▸ ACTION ITEM
Among the entries below, extract exactly the lines that run from the one with "exchanging the edge" through the one with "nat \<times> nat)", both ends included.

▸ EXERCISE INPUTS

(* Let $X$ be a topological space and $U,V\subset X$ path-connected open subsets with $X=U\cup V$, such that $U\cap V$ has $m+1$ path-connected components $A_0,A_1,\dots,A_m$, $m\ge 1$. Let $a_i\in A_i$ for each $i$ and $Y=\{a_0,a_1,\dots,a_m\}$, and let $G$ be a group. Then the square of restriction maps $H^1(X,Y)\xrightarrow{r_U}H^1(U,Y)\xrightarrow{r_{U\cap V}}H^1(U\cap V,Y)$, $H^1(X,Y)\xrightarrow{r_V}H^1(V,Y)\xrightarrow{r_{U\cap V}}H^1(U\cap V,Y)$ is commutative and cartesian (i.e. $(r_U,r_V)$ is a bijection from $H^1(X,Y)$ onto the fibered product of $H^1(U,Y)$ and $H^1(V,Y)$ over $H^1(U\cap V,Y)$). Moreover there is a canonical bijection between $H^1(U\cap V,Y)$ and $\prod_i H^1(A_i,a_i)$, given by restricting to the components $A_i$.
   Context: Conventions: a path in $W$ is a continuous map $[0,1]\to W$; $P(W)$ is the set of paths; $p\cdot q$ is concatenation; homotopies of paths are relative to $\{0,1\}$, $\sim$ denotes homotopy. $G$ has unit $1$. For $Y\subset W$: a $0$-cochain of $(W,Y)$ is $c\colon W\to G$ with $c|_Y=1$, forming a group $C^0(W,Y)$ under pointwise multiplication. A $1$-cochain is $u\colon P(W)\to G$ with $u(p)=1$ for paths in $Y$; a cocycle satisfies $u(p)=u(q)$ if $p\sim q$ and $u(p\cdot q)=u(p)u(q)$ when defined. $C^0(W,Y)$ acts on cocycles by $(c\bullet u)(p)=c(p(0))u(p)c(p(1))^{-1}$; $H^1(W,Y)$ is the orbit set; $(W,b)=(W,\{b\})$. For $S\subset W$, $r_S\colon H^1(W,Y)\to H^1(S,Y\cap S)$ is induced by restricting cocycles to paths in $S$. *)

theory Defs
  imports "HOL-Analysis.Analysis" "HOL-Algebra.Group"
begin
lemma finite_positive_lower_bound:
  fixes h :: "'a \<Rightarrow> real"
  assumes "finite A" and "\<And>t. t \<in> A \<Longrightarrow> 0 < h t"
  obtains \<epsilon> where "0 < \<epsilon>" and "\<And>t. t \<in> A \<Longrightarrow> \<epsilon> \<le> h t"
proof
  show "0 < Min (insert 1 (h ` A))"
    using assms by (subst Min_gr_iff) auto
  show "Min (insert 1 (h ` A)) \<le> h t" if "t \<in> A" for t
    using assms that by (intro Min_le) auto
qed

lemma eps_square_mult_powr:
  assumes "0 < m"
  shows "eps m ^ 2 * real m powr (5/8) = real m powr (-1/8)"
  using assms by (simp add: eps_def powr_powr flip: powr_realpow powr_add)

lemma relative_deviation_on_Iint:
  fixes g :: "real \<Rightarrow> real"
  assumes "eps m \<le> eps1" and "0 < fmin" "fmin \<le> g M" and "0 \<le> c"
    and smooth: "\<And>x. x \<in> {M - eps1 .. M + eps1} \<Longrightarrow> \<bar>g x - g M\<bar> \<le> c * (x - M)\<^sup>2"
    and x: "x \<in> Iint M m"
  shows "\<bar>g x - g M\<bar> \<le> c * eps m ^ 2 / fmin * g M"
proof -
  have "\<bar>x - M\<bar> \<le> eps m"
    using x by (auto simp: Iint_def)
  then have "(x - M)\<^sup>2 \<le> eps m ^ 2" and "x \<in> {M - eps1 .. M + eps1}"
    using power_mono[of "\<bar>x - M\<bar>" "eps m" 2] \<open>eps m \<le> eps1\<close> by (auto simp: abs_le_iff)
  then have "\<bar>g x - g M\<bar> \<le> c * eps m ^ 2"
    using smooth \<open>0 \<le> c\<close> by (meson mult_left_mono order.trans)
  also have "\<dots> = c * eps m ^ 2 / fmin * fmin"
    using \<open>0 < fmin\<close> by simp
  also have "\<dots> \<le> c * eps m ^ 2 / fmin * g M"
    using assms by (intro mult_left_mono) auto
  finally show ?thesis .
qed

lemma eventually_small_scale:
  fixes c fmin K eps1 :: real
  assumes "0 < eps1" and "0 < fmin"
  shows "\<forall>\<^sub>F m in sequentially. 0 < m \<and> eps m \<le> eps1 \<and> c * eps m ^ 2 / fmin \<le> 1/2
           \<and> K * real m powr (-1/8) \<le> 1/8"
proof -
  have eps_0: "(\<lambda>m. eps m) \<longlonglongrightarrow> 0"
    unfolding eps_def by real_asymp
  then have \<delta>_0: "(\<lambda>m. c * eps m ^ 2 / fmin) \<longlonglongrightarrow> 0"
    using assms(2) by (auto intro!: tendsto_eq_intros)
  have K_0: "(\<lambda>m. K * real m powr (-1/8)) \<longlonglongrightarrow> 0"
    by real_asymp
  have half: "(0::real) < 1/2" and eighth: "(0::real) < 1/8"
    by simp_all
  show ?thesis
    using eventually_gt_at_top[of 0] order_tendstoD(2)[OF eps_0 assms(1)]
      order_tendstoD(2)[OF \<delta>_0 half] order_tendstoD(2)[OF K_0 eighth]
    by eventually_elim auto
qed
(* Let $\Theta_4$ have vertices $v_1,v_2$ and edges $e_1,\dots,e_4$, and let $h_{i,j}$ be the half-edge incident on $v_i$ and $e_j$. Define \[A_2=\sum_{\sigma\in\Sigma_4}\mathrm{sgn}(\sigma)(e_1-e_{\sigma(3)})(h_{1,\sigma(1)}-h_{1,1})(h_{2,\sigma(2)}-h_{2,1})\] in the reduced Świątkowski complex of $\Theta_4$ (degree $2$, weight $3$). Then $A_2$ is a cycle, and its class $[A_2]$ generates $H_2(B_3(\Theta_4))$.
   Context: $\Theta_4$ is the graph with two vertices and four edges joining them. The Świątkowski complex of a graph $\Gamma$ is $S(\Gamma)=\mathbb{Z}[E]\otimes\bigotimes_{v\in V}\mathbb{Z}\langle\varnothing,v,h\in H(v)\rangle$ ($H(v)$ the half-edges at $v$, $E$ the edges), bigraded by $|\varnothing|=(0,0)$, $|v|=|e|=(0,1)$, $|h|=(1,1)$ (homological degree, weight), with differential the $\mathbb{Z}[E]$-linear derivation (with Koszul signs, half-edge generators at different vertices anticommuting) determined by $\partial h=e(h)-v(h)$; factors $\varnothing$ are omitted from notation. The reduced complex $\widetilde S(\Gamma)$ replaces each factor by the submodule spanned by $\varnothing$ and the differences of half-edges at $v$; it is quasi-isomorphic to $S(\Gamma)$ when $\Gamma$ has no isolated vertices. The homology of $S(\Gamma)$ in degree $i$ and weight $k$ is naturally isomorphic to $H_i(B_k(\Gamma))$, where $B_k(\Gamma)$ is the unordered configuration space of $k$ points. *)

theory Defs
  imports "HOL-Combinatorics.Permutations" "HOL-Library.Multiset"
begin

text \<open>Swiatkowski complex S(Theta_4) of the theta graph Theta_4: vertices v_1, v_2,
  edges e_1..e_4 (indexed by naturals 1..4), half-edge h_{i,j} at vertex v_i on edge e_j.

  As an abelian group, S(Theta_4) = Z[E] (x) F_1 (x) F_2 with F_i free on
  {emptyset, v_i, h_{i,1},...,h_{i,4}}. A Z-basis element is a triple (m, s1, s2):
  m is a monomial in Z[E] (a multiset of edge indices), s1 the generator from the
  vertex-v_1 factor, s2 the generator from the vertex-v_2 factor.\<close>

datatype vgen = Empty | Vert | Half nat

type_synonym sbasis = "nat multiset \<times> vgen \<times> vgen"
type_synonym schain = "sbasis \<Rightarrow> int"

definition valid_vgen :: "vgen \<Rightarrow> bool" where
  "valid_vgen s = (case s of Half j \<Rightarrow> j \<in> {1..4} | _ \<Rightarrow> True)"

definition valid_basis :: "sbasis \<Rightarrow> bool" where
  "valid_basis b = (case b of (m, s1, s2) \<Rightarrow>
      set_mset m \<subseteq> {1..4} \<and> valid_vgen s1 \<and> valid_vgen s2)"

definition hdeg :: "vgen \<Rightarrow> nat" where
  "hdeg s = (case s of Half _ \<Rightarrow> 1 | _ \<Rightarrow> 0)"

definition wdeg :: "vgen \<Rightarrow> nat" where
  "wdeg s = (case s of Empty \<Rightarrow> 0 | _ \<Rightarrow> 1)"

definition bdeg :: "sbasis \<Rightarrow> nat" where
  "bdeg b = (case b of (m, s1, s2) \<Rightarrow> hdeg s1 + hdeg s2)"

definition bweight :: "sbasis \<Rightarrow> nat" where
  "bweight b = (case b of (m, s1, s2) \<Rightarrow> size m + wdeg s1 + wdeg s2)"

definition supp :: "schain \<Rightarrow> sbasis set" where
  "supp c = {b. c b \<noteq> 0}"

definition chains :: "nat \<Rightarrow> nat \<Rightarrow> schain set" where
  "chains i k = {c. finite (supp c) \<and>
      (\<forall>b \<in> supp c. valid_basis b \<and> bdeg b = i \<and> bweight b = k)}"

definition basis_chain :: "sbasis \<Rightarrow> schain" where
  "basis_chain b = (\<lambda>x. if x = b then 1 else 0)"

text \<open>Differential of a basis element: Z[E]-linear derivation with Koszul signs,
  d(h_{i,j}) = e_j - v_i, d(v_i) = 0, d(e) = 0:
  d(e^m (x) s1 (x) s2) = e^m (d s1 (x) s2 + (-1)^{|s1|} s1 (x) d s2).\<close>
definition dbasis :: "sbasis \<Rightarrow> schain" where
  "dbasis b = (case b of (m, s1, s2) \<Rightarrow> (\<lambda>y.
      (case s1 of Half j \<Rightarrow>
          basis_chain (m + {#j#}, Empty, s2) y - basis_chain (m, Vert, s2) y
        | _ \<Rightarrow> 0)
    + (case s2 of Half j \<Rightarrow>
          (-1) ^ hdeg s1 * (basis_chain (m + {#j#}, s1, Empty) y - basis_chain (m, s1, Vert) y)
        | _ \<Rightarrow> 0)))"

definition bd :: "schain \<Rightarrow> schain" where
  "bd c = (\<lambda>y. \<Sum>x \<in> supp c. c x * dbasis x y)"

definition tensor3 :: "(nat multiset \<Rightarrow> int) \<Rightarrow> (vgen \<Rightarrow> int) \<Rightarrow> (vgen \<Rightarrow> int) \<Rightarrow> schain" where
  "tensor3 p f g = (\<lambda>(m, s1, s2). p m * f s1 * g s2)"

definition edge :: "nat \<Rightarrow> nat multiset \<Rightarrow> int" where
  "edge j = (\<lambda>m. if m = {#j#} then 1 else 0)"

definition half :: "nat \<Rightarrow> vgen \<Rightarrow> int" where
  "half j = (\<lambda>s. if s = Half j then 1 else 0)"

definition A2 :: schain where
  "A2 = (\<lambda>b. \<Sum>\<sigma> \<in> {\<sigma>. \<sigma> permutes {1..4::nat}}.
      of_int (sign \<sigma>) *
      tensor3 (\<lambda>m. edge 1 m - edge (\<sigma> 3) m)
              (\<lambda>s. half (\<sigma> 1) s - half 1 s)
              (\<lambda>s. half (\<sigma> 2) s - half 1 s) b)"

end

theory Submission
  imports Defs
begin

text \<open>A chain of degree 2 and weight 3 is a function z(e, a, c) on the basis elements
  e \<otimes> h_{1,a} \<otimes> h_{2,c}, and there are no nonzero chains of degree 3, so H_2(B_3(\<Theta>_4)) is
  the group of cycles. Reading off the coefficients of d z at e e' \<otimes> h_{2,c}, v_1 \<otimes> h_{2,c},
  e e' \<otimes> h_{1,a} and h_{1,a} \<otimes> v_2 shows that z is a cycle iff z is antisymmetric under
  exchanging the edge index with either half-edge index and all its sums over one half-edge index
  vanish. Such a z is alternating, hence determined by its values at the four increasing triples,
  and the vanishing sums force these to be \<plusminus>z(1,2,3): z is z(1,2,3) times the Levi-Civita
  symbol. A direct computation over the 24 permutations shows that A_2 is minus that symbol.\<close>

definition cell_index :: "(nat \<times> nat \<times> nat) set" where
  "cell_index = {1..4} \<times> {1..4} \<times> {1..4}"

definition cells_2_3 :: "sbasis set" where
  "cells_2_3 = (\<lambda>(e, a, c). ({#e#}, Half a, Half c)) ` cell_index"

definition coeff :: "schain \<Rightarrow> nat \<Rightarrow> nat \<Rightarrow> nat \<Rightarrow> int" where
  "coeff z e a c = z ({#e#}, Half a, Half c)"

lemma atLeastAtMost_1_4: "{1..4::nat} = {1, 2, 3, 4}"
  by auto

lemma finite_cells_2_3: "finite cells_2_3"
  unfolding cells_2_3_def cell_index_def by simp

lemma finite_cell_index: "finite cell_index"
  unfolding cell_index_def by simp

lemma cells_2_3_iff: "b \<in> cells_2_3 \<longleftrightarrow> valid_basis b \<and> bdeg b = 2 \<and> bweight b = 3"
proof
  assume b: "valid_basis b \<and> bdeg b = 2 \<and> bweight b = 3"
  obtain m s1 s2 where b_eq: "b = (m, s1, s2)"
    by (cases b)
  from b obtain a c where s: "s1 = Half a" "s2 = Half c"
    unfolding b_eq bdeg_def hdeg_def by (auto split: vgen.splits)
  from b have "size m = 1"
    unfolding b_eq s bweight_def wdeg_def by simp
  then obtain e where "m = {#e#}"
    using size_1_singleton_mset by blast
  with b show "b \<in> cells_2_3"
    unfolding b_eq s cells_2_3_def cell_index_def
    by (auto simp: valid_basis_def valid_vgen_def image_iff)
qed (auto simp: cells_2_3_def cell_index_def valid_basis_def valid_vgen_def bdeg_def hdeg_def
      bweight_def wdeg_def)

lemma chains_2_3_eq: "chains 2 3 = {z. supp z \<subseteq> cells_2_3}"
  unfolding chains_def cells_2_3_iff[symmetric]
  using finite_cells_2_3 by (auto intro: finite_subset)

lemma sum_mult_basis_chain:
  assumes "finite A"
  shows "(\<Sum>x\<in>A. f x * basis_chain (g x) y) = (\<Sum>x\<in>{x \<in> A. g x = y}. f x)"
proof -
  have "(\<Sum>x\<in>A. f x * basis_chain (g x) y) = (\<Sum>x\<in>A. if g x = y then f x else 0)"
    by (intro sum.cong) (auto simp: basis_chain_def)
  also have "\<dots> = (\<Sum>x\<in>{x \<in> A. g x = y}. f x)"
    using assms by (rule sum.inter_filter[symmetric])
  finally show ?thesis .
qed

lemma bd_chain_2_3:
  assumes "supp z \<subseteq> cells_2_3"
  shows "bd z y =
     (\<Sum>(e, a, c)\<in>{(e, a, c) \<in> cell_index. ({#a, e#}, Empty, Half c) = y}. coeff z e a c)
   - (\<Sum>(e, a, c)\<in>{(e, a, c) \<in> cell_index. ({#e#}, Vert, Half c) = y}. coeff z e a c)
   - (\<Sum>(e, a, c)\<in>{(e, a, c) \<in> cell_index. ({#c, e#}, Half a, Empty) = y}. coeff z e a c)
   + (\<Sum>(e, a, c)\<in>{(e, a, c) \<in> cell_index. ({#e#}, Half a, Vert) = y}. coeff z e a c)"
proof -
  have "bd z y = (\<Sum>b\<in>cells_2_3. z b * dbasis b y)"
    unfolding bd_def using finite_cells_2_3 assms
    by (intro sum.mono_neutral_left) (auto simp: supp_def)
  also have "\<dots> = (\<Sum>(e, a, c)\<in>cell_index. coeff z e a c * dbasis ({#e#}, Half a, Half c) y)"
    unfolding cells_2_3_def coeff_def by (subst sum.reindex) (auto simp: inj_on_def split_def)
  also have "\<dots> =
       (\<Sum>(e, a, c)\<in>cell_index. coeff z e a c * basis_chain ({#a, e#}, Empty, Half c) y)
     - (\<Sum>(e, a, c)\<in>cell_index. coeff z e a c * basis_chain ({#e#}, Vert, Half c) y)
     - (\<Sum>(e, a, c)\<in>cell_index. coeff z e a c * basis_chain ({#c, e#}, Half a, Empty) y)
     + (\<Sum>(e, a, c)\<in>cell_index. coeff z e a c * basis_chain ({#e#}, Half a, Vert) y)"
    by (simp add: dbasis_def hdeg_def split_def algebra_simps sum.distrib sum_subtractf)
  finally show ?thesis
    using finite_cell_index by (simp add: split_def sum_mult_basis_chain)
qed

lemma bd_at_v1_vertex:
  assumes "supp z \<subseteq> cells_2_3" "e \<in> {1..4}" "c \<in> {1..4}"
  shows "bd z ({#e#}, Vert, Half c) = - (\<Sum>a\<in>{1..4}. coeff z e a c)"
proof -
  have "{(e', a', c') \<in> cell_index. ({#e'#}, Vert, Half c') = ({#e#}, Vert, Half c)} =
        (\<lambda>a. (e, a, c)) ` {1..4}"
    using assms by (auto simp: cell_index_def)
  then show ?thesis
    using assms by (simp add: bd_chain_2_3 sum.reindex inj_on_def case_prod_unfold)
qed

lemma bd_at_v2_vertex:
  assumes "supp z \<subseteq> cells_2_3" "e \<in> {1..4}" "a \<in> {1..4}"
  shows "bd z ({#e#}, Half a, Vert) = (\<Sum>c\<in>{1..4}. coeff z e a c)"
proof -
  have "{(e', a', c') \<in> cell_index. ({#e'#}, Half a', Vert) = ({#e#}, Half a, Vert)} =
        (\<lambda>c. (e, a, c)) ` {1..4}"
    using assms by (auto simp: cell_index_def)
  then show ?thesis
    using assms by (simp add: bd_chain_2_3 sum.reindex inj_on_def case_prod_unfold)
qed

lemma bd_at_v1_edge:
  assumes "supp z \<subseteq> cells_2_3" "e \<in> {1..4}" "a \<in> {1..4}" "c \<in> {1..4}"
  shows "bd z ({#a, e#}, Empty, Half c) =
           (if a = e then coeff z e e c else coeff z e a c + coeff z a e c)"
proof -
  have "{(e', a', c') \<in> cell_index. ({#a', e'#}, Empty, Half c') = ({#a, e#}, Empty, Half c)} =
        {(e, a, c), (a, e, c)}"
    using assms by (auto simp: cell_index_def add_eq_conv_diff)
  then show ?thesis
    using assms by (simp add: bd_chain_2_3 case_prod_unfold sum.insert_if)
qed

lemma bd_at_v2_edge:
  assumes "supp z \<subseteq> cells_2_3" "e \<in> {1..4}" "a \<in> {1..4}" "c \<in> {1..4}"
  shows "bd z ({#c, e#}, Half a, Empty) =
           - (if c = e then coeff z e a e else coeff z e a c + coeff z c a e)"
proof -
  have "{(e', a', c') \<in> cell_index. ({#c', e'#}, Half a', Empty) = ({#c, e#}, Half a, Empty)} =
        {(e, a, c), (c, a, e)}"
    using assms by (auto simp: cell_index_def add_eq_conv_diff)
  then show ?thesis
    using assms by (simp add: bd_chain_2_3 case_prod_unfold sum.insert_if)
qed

▸ SOLUTION
  exchanging the edge index with either half-edge index and all its sums over one half-edge index
  vanish. Such a z is alternating, hence determined by its values at the four increasing triples,
  and the vanishing sums force these to be \<plusminus>z(1,2,3): z is z(1,2,3) times the Levi-Civita
  symbol. A direct computation over the 24 permutations shows that A_2 is minus that symbol.\<close>

definition cell_index :: "(nat \<times> nat \<times> nat) set" where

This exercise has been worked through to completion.